The Coliseum cinema had been threatened with closure
The future of a community cinema looks brighter after an appeal for support from local people.
Falling attendances had been threatening the Coliseum cinema in Porthmadog, which opened in 1931.
"We've managed to get the message out to local people in particular, that if they don't use it the place will close," said one of the voluntary directors Emyr Williams.
He said that there had been a turnaround since the summer.
Built by local entrepreneur Capt. W E Pritchard, the Coliseum was saved from closure by local people 20 years ago and it retains many of its original features..
"Over the past three to four years we realised we were not making money, in fact we were losing it," said Mr Williams.
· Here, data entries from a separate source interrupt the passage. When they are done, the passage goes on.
text \<open>Fix a subinstance \<open>V\<close> and let \<open>d\<close> be the least side-information size in it, so
  that \<open>beta_MDS(V) = |V| - d\<close>. The rows chosen by UMCD keep a Hall surplus \<open>d\<close>: any \<open>t\<close>
  of them cover at least \<open>t + d\<close> columns of \<open>V\<close>. By Hall's theorem the \<open>k\<close> rows built so
  far can then be matched into the columns outside any \<open>d\<close> elements of the side information
  of a receiver \<open>i\<close>, whence \<open>k + d \<le> mcm(G[{i} \<union> B\<^sub>i]) + |A\<^sub>i|\<close>. The next chosen receiver
  \<open>w\<close> survived the previous round, i.e. adding column \<open>w\<close> to \<open>B\<^sub>w\<close> does not raise \<open>mcm\<close>;
  this forces \<open>k + d + 1 \<le> |V|\<close>, and a column count shows that the surplus persists when the
  row of \<open>w\<close> is appended. Hence \<open>beta_UMCD(V) \<le> beta_MDS(V)\<close> for every \<open>V\<close>, and the
  fractional partition value is monotone in the values of the subinstances.\<close>

section \<open>Hall's marriage theorem\<close>

lemma Hall_condition_Diff_critical:
  fixes S :: "'i \<Rightarrow> 'a set"
  assumes fin: "finite I" "\<forall>i\<in>I. finite (S i)"
    and Hall: "\<forall>K\<subseteq>I. card K \<le> card (\<Union>(S ` K))"
    and J: "J \<subseteq> I" "card (\<Union>(S ` J)) \<le> card J"
  shows "\<forall>K\<subseteq>I - J. card K \<le> card (\<Union>i\<in>K. S i - \<Union>(S ` J))"
proof (intro allI impI)
  fix K assume K: "K \<subseteq> I - J"
  have finite: "finite K" "finite J" using K J(1) fin(1) by (auto intro: finite_subset)
  then have finite_UN: "finite (\<Union>(S ` K))" "finite (\<Union>(S ` J))" using K J(1) fin(2) by auto
  have "card K + card J = card (K \<union> J)"
    using finite K by (intro card_Un_disjoint[symmetric]) auto
  also have "\<dots> \<le> card (\<Union>(S ` (K \<union> J)))"
    using K J(1) by (intro Hall[rule_format]) blast
  also have "\<Union>(S ` (K \<union> J)) = (\<Union>i\<in>K. S i - \<Union>(S ` J)) \<union> \<Union>(S ` J)" by blast
  also have "card \<dots> = card (\<Union>i\<in>K. S i - \<Union>(S ` J)) + card (\<Union>(S ` J))"
    using finite_UN by (intro card_Un_disjoint) auto
  finally show "card K \<le> card (\<Union>i\<in>K. S i - \<Union>(S ` J))" using J(2) by linarith
qed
"By the middle of the summer things looked bleak and we thought we might have to close.
"But luckily some good films came out and we took a chance and showed them and had queues outside," he added.
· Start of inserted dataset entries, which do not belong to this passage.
lemma gaussian_smoothing_taylor_bound:
  fixes w w' w'' :: "real \<Rightarrow> real"
  assumes s: "s > 0" and w: "w \<in> borel_measurable borel"
    and lower: "\<And>x. L \<le> w x" and upper: "\<And>x. w x \<le> U"
    and w': "\<And>x. (w has_real_derivative w' x) (at x)"
    and w'': "\<And>x. (w' has_real_derivative w'' x) (at x)"
    and bound: "\<And>x. \<bar>w'' x\<bar> \<le> M"
  shows "\<bar>gaussian_smoothing w s y - w y\<bar> \<le> M / 2 * s\<^sup>2"
proof -
  let ?N = "normal_density y s"
  define remainder where "remainder z = ?N z * w z - w y * ?N z - w' y * (?N z * (z - y))" for z
  have int_w: "integrable lborel (\<lambda>z. ?N z * w z)"
    by (rule integrable_normal_density_mult_bounded[OF s w lower upper])
  have int_1: "integrable lborel (\<lambda>z. ?N z * (z - y))"
    using integrable_normal_moment[OF s, of y 1] by simp
  have int_2: "integrable lborel (\<lambda>z. ?N z * (z - y)\<^sup>2)"
    using integrable_normal_moment[OF s, of y 2] by simp
  have mean: "(\<integral>z. ?N z * (z - y) \<partial>lborel) = 0"
    using integral_normal_moment_odd[OF s, of y 0] by simp
  have variance: "(\<integral>z. ?N z * (z - y)\<^sup>2 \<partial>lborel) = s\<^sup>2"
    using integral_normal_moment_even[OF s, of y 1] by simp
  have int_remainder: "integrable lborel remainder"
    unfolding remainder_def using int_w int_1 s
    by (intro Bochner_Integration.integrable_diff integrable_mult_right) auto
  have "gaussian_smoothing w s y - w y = (\<integral>z. remainder z \<partial>lborel)"
    unfolding remainder_def gaussian_smoothing_def using int_w int_1 mean s
    by (subst Bochner_Integration.integral_diff;
        (intro Bochner_Integration.integrable_diff integrable_mult_right)?; auto)+
  also have "\<bar>\<dots>\<bar> \<le> (\<integral>z. \<bar>remainder z\<bar> \<partial>lborel)"
    by (rule integral_abs_bound)
  also have "\<dots> \<le> (\<integral>z. M / 2 * (?N z * (z - y)\<^sup>2) \<partial>lborel)"
  proof (rule integral_mono)
    show "integrable lborel (\<lambda>z. \<bar>remainder z\<bar>)"
      using int_remainder by auto
    show "integrable lborel (\<lambda>z. M / 2 * (?N z * (z - y)\<^sup>2))"
      using int_2 by auto
    fix z
    have "remainder z = ?N z * (w z - w y - w' y * (z - y))"
      unfolding remainder_def by (simp add: algebra_simps)
    then have "\<bar>remainder z\<bar> = ?N z * \<bar>w z - w y - w' y * (z - y)\<bar>"
      by (simp add: abs_mult)
    also have "\<dots> \<le> ?N z * (M / 2 * (z - y)\<^sup>2)"
      by (rule mult_left_mono[OF taylor2_remainder_bound[OF w' w'' bound]]) simp
    finally show "\<bar>remainder z\<bar> \<le> M / 2 * (?N z * (z - y)\<^sup>2)"
      by (simp add: algebra_simps)
  qed
  also have "\<dots> = M / 2 * s\<^sup>2"
    using variance by simp
  finally show ?thesis .
qed

lemma abs_divide_minus_one_le:
  fixes a b L :: real
  assumes "0 < L" "L \<le> b"
  shows "\<bar>a / b - 1\<bar> \<le> \<bar>a - b\<bar> / L"
proof -
  have "a / b - 1 = (a - b) / b"
    using assms by (simp add: field_simps)
  then have "\<bar>a / b - 1\<bar> = \<bar>a - b\<bar> / b"
    using assms by simp
  also have "\<dots> \<le> \<bar>a - b\<bar> / L"
    using assms by (intro divide_left_mono) auto
  finally show ?thesis .
qed

lemma abs_mult_minus_one_le:
  fixes r q e d K :: real
  assumes "\<bar>r - 1\<bar> \<le> e" "0 \<le> q" "q \<le> K" "\<bar>q - 1\<bar> \<le> d"
  shows "\<bar>r * q - 1\<bar> \<le> e * K + d"
proof -
  have "r * q - 1 = (r - 1) * q + (q - 1)"
    by (simp add: algebra_simps)
  moreover have "\<bar>(r - 1) * q\<bar> \<le> e * K"
    using assms by (simp add: abs_mult) (metis abs_ge_zero mult_mono order_trans)
  ultimately show ?thesis
    using assms by linarith
qed

lemma p2_divide_p1_factorization:
  fixes w :: "real \<Rightarrow> real"
  assumes s: "s > 0" and w: "w \<in> borel_measurable borel"
    and L: "0 < L" and lower: "\<And>x. L \<le> w x" and upper: "\<And>x. w x \<le> U"
  shows "p2 w s x y / p1 w (sqrt 2 * s) x y =
    gaussian_smoothing (\<lambda>z. w z / gaussian_smoothing w s z) (s / sqrt 2) ((x + y) / 2) *
    (gaussian_smoothing w (sqrt 2 * s) y / gaussian_smoothing w s y)"
proof -
  let ?W = "gaussian_smoothing w"
  have W_pos: "?W t z > 0" if "t > 0" for t z
    using gaussian_smoothing_lower_bound[OF that w lower upper, where m = z] L by linarith
  define K where "K = normal_density y (sqrt 2 * s) x"
  have "K > 0"
    unfolding K_def using s by (simp add: normal_density_pos)
  define R where "R = gaussian_smoothing (\<lambda>z. w z / ?W s z) (s / sqrt 2) ((x + y) / 2)"
  have "p2 w s x y = (\<integral>z. w x / ?W s y * K *
      (normal_density ((x + y) / 2) (s / sqrt 2) z * (w z / ?W s z)) \<partial>lborel)"
    unfolding p2_def p1_eq_gaussian_smoothing
  proof (rule Bochner_Integration.integral_cong[OF refl])
    fix z
    have "normal_density z s x * w x / ?W s z * (normal_density y s z * w z / ?W s y) =
        (normal_density z s x * normal_density y s z) * (w x / ?W s y) * (w z / ?W s z)"
      (is "?integrand = _") by (simp add: field_simps)
    also have "\<dots> = w x / ?W s y * K * (normal_density ((x + y) / 2) (s / sqrt 2) z * (w z / ?W s z))"
      unfolding normal_density_mult_normal_density[OF s] K_def by (simp add: algebra_simps)
    finally show "?integrand = \<dots>" .
  qed
  also have "\<dots> = w x / ?W s y * K * gaussian_smoothing (\<lambda>z. w z / ?W s z) (s / sqrt 2) ((x + y) / 2)"
    unfolding gaussian_smoothing_def by (rule integral_mult_right_zero)
  finally have p2_eq: "p2 w s x y = w x / ?W s y * K * R"
    unfolding R_def .
  have p1_eq: "p1 w (sqrt 2 * s) x y = K * w x / ?W (sqrt 2 * s) y"
    unfolding p1_eq_gaussian_smoothing K_def ..
  have "w x > 0" "?W s y > 0" "?W (sqrt 2 * s) y > 0"
    using lower[of x] L W_pos s by auto
  then show ?thesis
    unfolding R_def[symmetric] p2_eq p1_eq using \<open>K > 0\<close> by (simp add: field_simps)
qed

lemma p2_divide_p1_deviation:
  fixes w w' w'' :: "real \<Rightarrow> real"
  assumes s: "s > 0" and w: "w \<in> borel_measurable borel"
    and L: "0 < L" and lower: "\<And>x. L \<le> w x" and upper: "\<And>x. w x \<le> U"
    and w': "\<And>x. (w has_real_derivative w' x) (at x)"
    and w'': "\<And>x. (w' has_real_derivative w'' x) (at x)"
    and bound: "\<And>x. \<bar>w'' x\<bar> \<le> M"
  shows "\<bar>p2 w s x y / p1 w (sqrt 2 * s) x y - 1\<bar> \<le> (M / (2 * L) * (U / L) + 3 * M / (2 * L)) * s\<^sup>2"
proof -
  let ?W = "gaussian_smoothing w"
  have s': "sqrt 2 * s > 0" "s / sqrt 2 > 0"
    using s by auto
  have W_lower: "L \<le> ?W t z" if "t > 0" for t z
    by (rule gaussian_smoothing_lower_bound[OF that w lower upper])
  have W_upper: "?W t z \<le> U" if "t > 0" for t z
    by (rule gaussian_smoothing_upper_bound[OF that w lower upper])
  have W_taylor: "\<bar>?W t z - w z\<bar> \<le> M / 2 * t\<^sup>2" if "t > 0" for t z
    by (rule gaussian_smoothing_taylor_bound[OF that w lower upper w' w'' bound])
  define e where "e = M / (2 * L) * s\<^sup>2"
  define r where "r = gaussian_smoothing (\<lambda>z. w z / ?W s z) (s / sqrt 2) ((x + y) / 2)"
  define q where "q = ?W (sqrt 2 * s) y / ?W s y"
  have "\<bar>w z / ?W s z - 1\<bar> \<le> e" for z
  proof -
    have "\<bar>w z / ?W s z - 1\<bar> \<le> \<bar>?W s z - w z\<bar> / L"
      using abs_divide_minus_one_le[OF L W_lower[OF s]] by (simp add: abs_minus_commute)
    also have "\<dots> \<le> e"
      unfolding e_def using W_taylor[OF s, of z] L by (simp add: field_simps)
    finally show ?thesis .
  qed
  then have ratio_lower: "1 - e \<le> w z / ?W s z" and ratio_upper: "w z / ?W s z \<le> 1 + e" for z
    unfolding abs_le_iff by (simp_all add: algebra_simps)
  have ratio_measurable: "(\<lambda>z. w z / ?W s z) \<in> borel_measurable borel"
    using w by measurable
  have "1 - e \<le> r" "r \<le> 1 + e"
    unfolding r_def
    by (rule gaussian_smoothing_lower_bound[OF s'(2) ratio_measurable ratio_lower ratio_upper]
        gaussian_smoothing_upper_bound[OF s'(2) ratio_measurable ratio_lower ratio_upper])+
  then have r: "\<bar>r - 1\<bar> \<le> e"
    by linarith
  have q_nonneg: "0 \<le> q"
    unfolding q_def using W_lower[OF s, of y] W_lower[OF s'(1), of y] L by simp
  have q_upper: "q \<le> U / L"
    unfolding q_def
    by (rule frac_le) (use W_upper[OF s'(1), of y] W_lower[OF s'(1), of y] W_lower[OF s, of y] L in auto)
  have "(sqrt 2 * s)\<^sup>2 = 2 * s\<^sup>2"
    by (simp add: power_mult_distrib)
  then have "\<bar>?W (sqrt 2 * s) y - ?W s y\<bar> \<le> 3 * M / 2 * s\<^sup>2"
    using W_taylor[OF s'(1), of y] W_taylor[OF s, of y] unfolding abs_le_iff by simp
  then have "\<bar>q - 1\<bar> \<le> 3 * M / 2 * s\<^sup>2 / L"
    unfolding q_def using abs_divide_minus_one_le[OF L W_lower[OF s]] L
    by (meson divide_right_mono less_imp_le order_trans)
  then have "\<bar>q - 1\<bar> \<le> 3 * M / (2 * L) * s\<^sup>2"
    by simp
  then have "\<bar>r * q - 1\<bar> \<le> e * (U / L) + 3 * M / (2 * L) * s\<^sup>2"
    using abs_mult_minus_one_le[OF r q_nonneg q_upper] by blast
  then show ?thesis
    unfolding p2_divide_p1_factorization[OF s w L lower upper] r_def[symmetric] q_def[symmetric] e_def
    by (simp add: algebra_simps)
qed

theorem theorem3:
  fixes \<omega> L U M :: real and w w' w'' :: "real \<Rightarrow> real"
  assumes "\<omega> > 0"
    and "continuous_on UNIV w"
    and "0 < L" and "\<And>x. L \<le> w x" and "\<And>x. w x \<le> U"
    and "\<And>x. (w has_real_derivative w' x) (at x)"
    and "\<And>x. (w' has_real_derivative w'' x) (at x)"
    and "\<And>x. \<bar>w'' x\<bar> \<le> M"
  shows "\<exists>C>0. \<forall>x y \<tau>. \<tau> > 0 \<longrightarrow>
           \<bar>p2 w (\<omega> * sqrt \<tau>) x y / p1 w (sqrt 2 * (\<omega> * sqrt \<tau>)) x y - 1\<bar> \<le> C * \<tau>"
proof -
  have w: "w \<in> borel_measurable borel"
    using assms(2) by (rule borel_measurable_continuous_onI)
  define D where "D = M / (2 * L) * (U / L) + 3 * M / (2 * L)"
  have "0 \<le> M" "L \<le> U"
    using assms(4,5,8)[of 0] by linarith+
  then have "D \<ge> 0"
    unfolding D_def using assms(3) by simp
  have "\<bar>p2 w (\<omega> * sqrt \<tau>) x y / p1 w (sqrt 2 * (\<omega> * sqrt \<tau>)) x y - 1\<bar> \<le> (\<omega>\<^sup>2 * D + 1) * \<tau>"
    if "\<tau> > 0" for x y \<tau>
  proof -
    have "\<bar>p2 w (\<omega> * sqrt \<tau>) x y / p1 w (sqrt 2 * (\<omega> * sqrt \<tau>)) x y - 1\<bar> \<le> D * (\<omega> * sqrt \<tau>)\<^sup>2"
      unfolding D_def using assms(1) that
      by (intro p2_divide_p1_deviation[OF _ w assms(3-8)]) simp
    also have "\<dots> \<le> (\<omega>\<^sup>2 * D + 1) * \<tau>"
      using that by (simp add: power_mult_distrib algebra_simps)
    finally show ?thesis .
  qed
  moreover have "\<omega>\<^sup>2 * D + 1 > 0"
    using \<open>D \<ge> 0\<close> by (simp add: add_nonneg_pos)
  ultimately show ?thesis
    by blast
qed

end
Tourists who use the cinema are seen as "icing on the cake" but the cinema relies on the support of local people.
"We've managed to get the message over to local people in particular, if you don't use the place it will close," said Mr Williams.
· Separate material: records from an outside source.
text \<open>In the model of \<open>D_n\<close> by even signed permutations, \<open>w_k\<close> is the sign change at the two
  positions 1 and \<open>k+1\<close>, while the elements of \<open>S\<^sup>\<circ>_n\<close> permute the positive integers.
  Moving each factor \<open>w_L\<close> of the normal form to the left past \<open>t_2^(i_2) ... t_L^(i_L)\<close> turns it into the sign change at \<open>a_L\<close> and \<open>L+1\<close>, where \<open>a_L\<close> is the
  image of 1 under that product.  As all exponents add up to at most \<open>k_1\<close>, one has \<open>a_L = maj_L + 1\<close>
  if \<open>1 \<le> maj_L < k_1\<close> and \<open>a_L = 1\<close> otherwise.  Writing the sign change at \<open>a_L\<close> and \<open>L+1\<close>
  as the product of those at \<open>{1, L+1}\<close> (that is, \<open>w_L\<close>) and at \<open>{1, a_L}\<close> (that is, \<open>w_(maj_L)\<close>
  or 1), and noting that \<open>maj_L\<close> is constant along each run of \<open>w\<close>-factors, the factors
  \<open>w_(maj_L)\<close> cancel in pairs inside each run and one survives for every run in \<open>A\<close>.
  Uniqueness holds because \<open>\<Phi>\<close> is injective on \<open>S\<^sup>\<circ>_n\<close>.\<close>

lemma prodl_Nil [simp]: "prodl [] = id"
  by (simp add: prodl_def)

lemma prodl_Cons [simp]: "prodl (f # fs) = f \<circ> prodl fs"
  by (simp add: prodl_def)

lemma prodl_append [simp]: "prodl (fs @ gs) = prodl fs \<circ> prodl gs"
  by (induction fs) (auto simp: comp_assoc)

lemma prodl_fixpoint: "(\<And>f. f \<in> set fs \<Longrightarrow> f x = x) \<Longrightarrow> prodl fs x = x"
  by (induction fs) auto

lemma prodl_map_filter:
  "(\<And>x. \<not> P x \<Longrightarrow> f x = id) \<Longrightarrow> prodl (map f (filter P xs)) = prodl (map f xs)"
  by (induction xs) auto

lemma funpow_fixpoint: "f x = x \<Longrightarrow> (f ^^ m) x = x"
  by (induction m) auto

lemma gen_comp:
  assumes "f \<in> gen G" and "g \<in> gen G"
  shows "f \<circ> g \<in> gen G"
  using assms(2)
proof (induction g rule: gen.induct)
  case gen_id
  then show ?case using assms(1) by simp
next
  case (gen_step g h)
  then show ?case by (metis comp_assoc gen.gen_step)
qed

lemma gen_generator: "g \<in> G \<Longrightarrow> g \<in> gen G"
  using gen.gen_step[OF gen.gen_id] by fastforce

lemma gen_mono: "f \<in> gen G \<Longrightarrow> G \<subseteq> H \<Longrightarrow> f \<in> gen H"
  by (induction f rule: gen.induct) (auto intro: gen.intros)

lemma gen_funpow: "f \<in> gen G \<Longrightarrow> f ^^ m \<in> gen G"
  by (induction m) (auto intro: gen.intros gen_comp)

lemma gen_prodl: "set fs \<subseteq> gen G \<Longrightarrow> prodl fs \<in> gen G"
  by (induction fs) (auto intro: gen.intros gen_comp)

lemma gen_invertible:
  assumes "f \<in> gen G" and "\<And>g. g \<in> G \<Longrightarrow> g \<circ> g = id"
  shows "\<exists>h. f \<circ> h = id \<and> h \<circ> f = id"
  using assms(1)
proof (induction f rule: gen.induct)
  case gen_id
  then show ?case by auto
next
  case (gen_step f g)
  then obtain h where "f \<circ> h = id" "h \<circ> f = id" by blast
  moreover have "g \<circ> g = id" using gen_step.hyps assms(2) by blast
  ultimately have "(f \<circ> g) \<circ> (g \<circ> h) = id" "(g \<circ> h) \<circ> (f \<circ> g) = id"
    by (metis comp_assoc comp_id)+
  then show ?case by blast
qed

section \<open>Odd maps and the sign-forgetting map\<close>

definition odd_fun :: "(int \<Rightarrow> int) \<Rightarrow> bool" where
  "odd_fun f \<longleftrightarrow> (\<forall>x. f (- x) = - f x)"

lemma odd_fun_id: "odd_fun id"
  by (simp add: odd_fun_def)

lemma odd_fun_comp: "odd_fun f \<Longrightarrow> odd_fun g \<Longrightarrow> odd_fun (f \<circ> g)"
  by (simp add: odd_fun_def)

lemma odd_fun_funpow: "odd_fun f \<Longrightarrow> odd_fun (f ^^ m)"
  by (induction m) (auto simp: odd_fun_id odd_fun_comp)

lemma odd_fun_gen: "f \<in> gen G \<Longrightarrow> (\<And>g. g \<in> G \<Longrightarrow> odd_fun g) \<Longrightarrow> odd_fun f"
  by (induction f rule: gen.induct) (auto simp: odd_fun_id odd_fun_comp)

lemma odd_fun_abs: "odd_fun f \<Longrightarrow> \<bar>f \<bar>z\<bar>\<bar> = \<bar>f z\<bar>"
  by (cases "z \<ge> 0") (auto simp: odd_fun_def)

lemma odd_fun_zero: "odd_fun f \<Longrightarrow> f 0 = 0"
  unfolding odd_fun_def by (metis add.inverse_neutral equation_minus_iff neg_equal_zero)

lemma sD_odd_fun: "1 \<le> k \<Longrightarrow> odd_fun (sD k)"
  by (auto simp: odd_fun_def sD_def)

lemma s1'_odd_fun: "odd_fun s1'"
  by (auto simp: odd_fun_def s1'_def)

lemma sD_involution: "1 \<le> k \<Longrightarrow> sD k \<circ> sD k = id"
  by (auto simp: sD_def fun_eq_iff)

lemma s1'_involution: "s1' \<circ> s1' = id"
  by (auto simp: s1'_def fun_eq_iff)

lemma Dn_odd_fun: "f \<in> Dn n \<Longrightarrow> odd_fun f"
  unfolding Dn_def by (erule odd_fun_gen) (auto simp: sD_odd_fun s1'_odd_fun)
Jill Williams from Llan Ffestiniog, said: "It would be a shame if it closed, it's the type of cinema I used to go to when I was a girl, and they seem to get a lot of good block busters really quickly".
Voluntary director Emyr Williams wants continued local support
Vivien Emmerson from Trefor added: "It's such a lovely cinema although it needs refurbishment.
"This type of thing is very important to the community, it's something we should want to retain. How boring it would be if we just went to get a video out."
Some work has been done to freshen up the cinema with staff giving up their spare time to repaint the interior.
Local businesses have also rallied round. A supermarket supports publicity leaflets, a local darts team as well as a charity trust have donated money and a local DIY shop donated paint for the redecoration.
Mr Williams said he was still looking for more support.
'Old fashioned atmosphere'
"There is a reserve now and it will enable us to continue," he said.
"But we are faced with constant expenditure the whole time. A bulb for the projection room costs £300 for instance, there is something all the time.
"The whole area is waking up to the need to keep this place going however, we're now having people who used to come here as children, so they are coming back.
"Hopefully this is because we are different. It's because they want to see a film in an old fashioned atmosphere.
"We intend to keep it going for as long as possible, if we get the support of the local community."